白い輪郭のようなものが見え、氷のように透明な刃となり、銀となり、輝ける刀身に変わる。どこか別の場所から浮上してきたような、そんな形容が浮かぶ。
「ジザベルとアントーニオは街を恨んでいなかったのか。冬守りの役目を押し付けたクロノガレルの街を」
「やめろ、その二人を語るな」
老人が、火かき棒を振り上げる。顔面は醜くゆがむ。憤怒とも哀惜ともつかぬ顔に。
「そしてなぜ、二人は死を選んだのか。死を克服できていたはずの二人が」
「口を閉じろ!」
振り下ろす。その刹那。
ニールの刃が火かき棒に触れ、極小の時間が引き伸ばされるような感覚。
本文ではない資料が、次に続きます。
text \<open>\<open>\<Theta>\<^sub>2\<^sup>T B \<Theta>\<^sub>1\<close> places \<open>B\<close> in the lower left block; \<open>\<Gamma>\<close> then subtracts its transpose.\<close>
lemma Gamma_mult_vecm:
  assumes B: "B \<in> carrier_mat (p - r) r" and rp: "r \<le> p"
  shows "Gamma p r *\<^sub>v vecm B = vecm (Xphi p r B)"
proof -
  define Y where "Y = transpose_mat (Theta2 p r) * B * transpose_mat (Ipr p r)"
  have Y_eq: "Y = mat p p (\<lambda>(i,j). if r \<le> i \<and> j < r then B $$ (i - r, j) else 0)"
    unfolding Y_def by (rule transpose_Theta2_mult_transpose_Ipr[OF B])
  have Y: "Y \<in> carrier_mat p p" unfolding Y_eq by simp
  have I: "Ipr p r \<in> carrier_mat p r" and T2: "transpose_mat (Theta2 p r) \<in> carrier_mat p (p - r)"
    unfolding Ipr_def Theta2_def by simp_all
  have K: "kron (Ipr p r) (transpose_mat (Theta2 p r)) \<in> carrier_mat (p * p) ((p - r) * r)"
    using I T2 unfolding kron_def by (simp add: mult.commute)
  have C: "commut p p \<in> carrier_mat (p * p) (p * p)" unfolding commut_def by simp
  have "Gamma p r *\<^sub>v vecm B
      = (1\<^sub>m (p * p) - commut p p) *\<^sub>v (kron (Ipr p r) (transpose_mat (Theta2 p r)) *\<^sub>v vecm B)"
    unfolding Gamma_def Theta1_def transpose_transpose
    using C by (intro assoc_mult_mat_vec[OF _ K vecm_carrier[OF B]]) (auto intro: minus_carrier_mat)
  also have "\<dots> = vecm Y - commut p p *\<^sub>v vecm Y"
    unfolding kron_mult_vecm[OF I T2 B, folded Y_def]
    using minus_mult_distrib_mat_vec[OF one_carrier_mat C vecm_carrier[OF Y]] vecm_carrier[OF Y] by simp
  also have "\<dots> = vecm (Y - transpose_mat Y)"
    unfolding commut_mult_vecm[OF Y] using Y by (simp add: vecm_minus)
  also have "Y - transpose_mat Y = Xphi p r B"
    using Y Xphi_carrier[OF B rp] unfolding Y_eq by (intro eq_matI) (auto simp: index_Xphi[OF B rp])
  finally show ?thesis .
qed

lemma smult_mat_mult_mat_vec:
  "v \<in> carrier_vec (dim_col A) \<Longrightarrow> (c \<cdot>\<^sub>m A) *\<^sub>v v = c \<cdot>\<^sub>v (A *\<^sub>v (v :: 'a :: comm_ring vec))"
  by (intro eq_vecI) auto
止まった時間の中でニールの剣が加速し老人の身体を光の線が走る。
「が」
白いものが吹き出す。一瞬、血しぶきがほとばしるかに思えてリラが戦慄する。
だが吹き出すのは銀色の蒸気。あの歯車のような円盤が太刀筋に沿って吹き出す。噴水のように。
「後悔、するぞ、越冬、官」
老人が、明らかに五体ばらばらになりながらも、乾いた声を。
「ジザベルには、勝てや、しなーー」
がらん。
その場に落ちるのは木の人形。服飾店にて衣服を着せるために使うような、目も鼻もない人形である。素朴な作りであり、腕も足もただの棒に過ぎない。関節部など存在しない。
それを覆う雪のような、大量の銀色の華。
「ジザベル……」
リラがつぶやく。ニールは言っていた。それは遺体となり、墓に埋まっていたと。
「リラ、私は時計塔に行きます」
ニールの声には憂いがある。
すべてを救うには遅すぎた、そんな顔に見えた。